WORK TO BE COMPLETED
Reproduce, exactly and in full, only the lines below from the one containing "parallel m b" through the one containing "b \<Longrightarrow> inj_on".

Collected data

──────────

abbreviation \<Gamma> :: "vec \<Rightarrow> vec" where
  "\<Gamma> \<equiv> parallel m b \<gamma>"

lemma gamma_in_F2space: "i < b \<Longrightarrow> t \<in> F2space m \<Longrightarrow> \<gamma> i t \<in> F2space m"
  using perm by (auto simp: bij_betw_def)

lemma inj_on_gamma: "i < b \<Longrightarrow> inj_on (\<gamma> i) (F2space m)"
  using perm by (simp add: bij_betw_def)

lemma component_Gamma: "i < b \<Longrightarrow> component m i (\<Gamma> x) = \<gamma> i (component m i x)"
  by (simp add: component_parallel gamma_in_F2space)

lemma gamma_vzero: "i < b \<Longrightarrow> \<gamma> i vzero = vzero"
  using component_Gamma[of i vzero] zero by simp

lemma gamma_eq_iff: "i < b \<Longrightarrow> s \<in> F2space m \<Longrightarrow> t \<in> F2space m \<Longrightarrow> \<gamma> i s = \<gamma> i t \<longleftrightarrow> s = t"
  using inj_on_gamma by (auto simp: inj_on_def)

lemma component_Gamma_eq_vzero_iff:
  "i < b \<Longrightarrow> component m i (\<Gamma> x) = vzero \<longleftrightarrow> component m i x = vzero"
  using gamma_eq_iff[of i "component m i x" vzero] by (simp add: component_Gamma gamma_vzero)

lemma W1_subset_F2space: "W1 \<subseteq> F2space (m * b)"
  using W1_subset_U subspace_subset[OF U_subspace] by blast

lemma Gamma_block_embed:
  assumes i: "i < b" and t: "t \<in> F2space m"
  shows "\<Gamma> (block_embed m i t) = block_embed m i (\<gamma> i t)"
proof (rule F2space_eqI_components[OF m_pos F2space_parallel block_embed_in_F2space[OF i]])
  fix j assume "j < b"
  then show "component m j (\<Gamma> (block_embed m i t)) = component m j (block_embed m i (\<gamma> i t))"
    using t i by (cases "j = i")
      (simp_all add: component_Gamma component_block_embed component_block_embed_other
        gamma_in_F2space gamma_vzero)
qed

lemma inj_on_Gamma: "inj_on \<Gamma> (F2space (m * b))"
proof (rule inj_onI)
  fix x y assume x: "x \<in> F2space (m * b)" and y: "y \<in> F2space (m * b)" and "\<Gamma> x = \<Gamma> y"
  then have "component m i x = component m i y" if "i < b" for i
    using that gamma_eq_iff component_Gamma by (metis component_in_F2space)
  then show "x = y"
    by (rule F2space_eqI_components[OF m_pos x y])
qed

lemma Gamma_mem_block_sum_iff:
  "x \<in> F2space (m * b) \<Longrightarrow> \<Gamma> x \<in> block_sum m b I \<longleftrightarrow> x \<in> block_sum m b I"
  by (simp add: mem_block_sum_iff[OF m_pos] component_Gamma_eq_vzero_iff)

lemma image_LA_block:
  assumes "X \<in> LA U W1 W2 vbar"
  shows "\<exists>c. \<Gamma> ` X = coset W c"
proof -
  have "\<Gamma> ` X \<in> cosets (m * b) W"
    using maps assms unfolding maps_onto_def by blast
  then show ?thesis
    by (auto simp: cosets_def)
qed

lemma Gamma_vadd_mem_if_same_block:
  assumes "X \<in> LA U W1 W2 vbar" and "x \<in> X" "y \<in> X"
  shows "vadd (\<Gamma> x) (\<Gamma> y) \<in> W"
proof -
  obtain c where "\<Gamma> ` X = coset W c"
    using image_LA_block[OF assms(1)] by blast
  with assms(2,3) show ?thesis
    using vadd_mem_if_same_coset[OF W_subspace] by blast
qed

lemma W1_mem_LA: "W1 \<in> LA U W1 W2 vbar"
  using subspace_vzero[OF U_subspace] coset_vzero unfolding LA_def by blast

lemma image_W1: "\<Gamma> ` W1 = W"
proof -
  obtain c where c: "\<Gamma> ` W1 = coset W c"
    using image_LA_block[OF W1_mem_LA] by blast
  have "vzero \<in> \<Gamma> ` W1"
    using zero subspace_vzero[OF W1_subspace] by force
  then have "c \<in> W"
    by (simp add: c mem_coset_iff)
  then show ?thesis
    by (simp add: c coset_eq_self[OF W_subspace])
qed

lemma card_W: "card W = card W1"
  using card_image[OF inj_on_subset[OF inj_on_Gamma W1_subset_F2space]] image_W1 by simp

lemma W2_coset_mem_LA: "coset W2 vbar \<in> LA U W1 W2 vbar"
  using subspace_vzero[OF U_subspace] coset_vzero unfolding LA_def by blast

──────────

RESULT
  "\<Gamma> \<equiv> parallel m b \<gamma>"

lemma gamma_in_F2space: "i < b \<Longrightarrow> t \<in> F2space m \<Longrightarrow> \<gamma> i t \<in> F2space m"
  using perm by (auto simp: bij_betw_def)

lemma inj_on_gamma: "i < b \<Longrightarrow> inj_on (\<gamma> i) (F2space m)"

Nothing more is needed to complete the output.